An ordinance adopted by Randolph County officials calls for ground cover at the 1,400-acre Riverstart Solar Park to be planted in meadow grasses and wildflowers or clover, The Muncie Star Press reported.
The solar park, first announced in 2018, would include 670,000 photovoltaic solar panels in southwestern Randolph County and produce enough electricity to power about 37,000 households. Developer EDP Renewables was waiting for the ordinance to be enacted before starting construction on the estimated $242 million project.
Establishing a low-growing, flowering meadow on the solar farm “is a decision you will be delighted with for decades to come,” John Seymour, a native seed supplier, wrote to county commissioners. “You will see monarchs in your community as well as the pollinators needed for agriculture.”

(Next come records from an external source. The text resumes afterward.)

(* Let $(\lambda^*,\xi^* )$ be a maximizer of $L$, and let $(\lambda^{(1)},\xi^{(1)})$ be given by $\lambda^{(1)}=0$, $\xi^{(1)}_{ij}=\log\sum_{x_i,x_j}e^{-\eta C_{ij}(x_i,x_j)}$ for $ij\in\mathcal E$ and $\xi^{(1)}_i=\log\sum_xe^{-\eta C_i(x)}$ for $i\in\mathcal V$. Then $L(\lambda^*,\xi^* )-L(\lambda^{(1)},\xi^{(1)})\le\min\big(\|\eta C/d+\exp(-\eta C)\|_1,\,S\big)$, where $S=\sum_{ij\in\mathcal E}\Big[\log\sum_{x_i,x_j}e^{-\eta C_{ij}(x_i,x_j)}+\sum_{x_i,x_j}\frac{\eta}{d^2}C_{ij}(x_i,x_j)\Big]+\sum_{i\in\mathcal V}\Big[\log\sum_xe^{-\eta C_i(x)}+\sum_x\frac{\eta}{d}C_i(x)\Big]$.
   Context: Let $G=(\mathcal V,\mathcal E)$ be a graph with $\mathcal V=\{1,\dots,n\}$, each vertex on at least one edge, edges written as ordered pairs $ij$, $N(i)$ the neighbours of $i$, $\chi=\{0,\dots,d-1\}$, $\eta>0$, and $C$ a cost vector with components $C_i\in\mathbb R^d$, $C_{ij}\in\mathbb R^{d\times d}$; $\exp$ is entrywise and $\|\cdot\|_1$ is the sum of absolute values of all entries. Dual variables $(\lambda,\xi)$: for each edge $ij$, $\lambda_{ij},\lambda_{ji}\in\mathbb R^d$ (associated with $i$ and $j$ respectively) and $\xi_{ij}\in\mathbb R$; for each vertex $\xi_i\in\mathbb R$. With $\Gamma_{ij}(x_i,x_j)=\exp(-\eta C_{ij}(x_i,x_j)-\lambda_{ij}(x_i)-\lambda_{ji}(x_j)-\xi_{ij})$ and $\Gamma_i(x)=\exp(-\eta C_i(x)-\xi_i+\sum_{j\in N(i)}\lambda_{ij}(x))$, the Lyapunov function is $L(\lambda,\xi)=-\sum_{ij}\sum_{x_i,x_j}\Gamma_{ij}(x_i,x_j)-\sum_i\sum_x\Gamma_i(x)-\sum_{ij}\xi_{ij}-\sum_i\xi_i+\sum_{ij}\sum_{x_i,x_j}e^{-\eta C_{ij}(x_i,x_j)}+\sum_i\sum_xe^{-\eta C_i(x)}$. *)

theory Defs
  imports Complex_Main
begin

(* Vertices are {1..n}; edges E :: (nat \<times> nat) set of ordered pairs (i,j);
   states x range over {..<d}.
   Duals: lam i j x = lambda_ij(x)  (associated with vertex i on edge {i,j}),
          xe i j = xi_ij,  xv i = xi_i. *)

definition nbrs :: "(nat \<times> nat) set \<Rightarrow> nat \<Rightarrow> nat set" where
  "nbrs E i = {j. (i, j) \<in> E \<or> (j, i) \<in> E}"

Brock Harpur, an assistant professor of entomology at Purdue, cited a recent study that found more than 50,000 acres of Indiana conservation lands — healthy habitat for wildlife — were converted to row crop fields over an eight-year period.
“During this same time, the health of Indiana pollinators has plummeted,” Harpur said. “Native pollinator species numbers are lower than the number needed to pollinate crops — and managed species, such as honey bees, experience greater than average losses each year — as many as 63% of colonies are lost annually in Indiana.”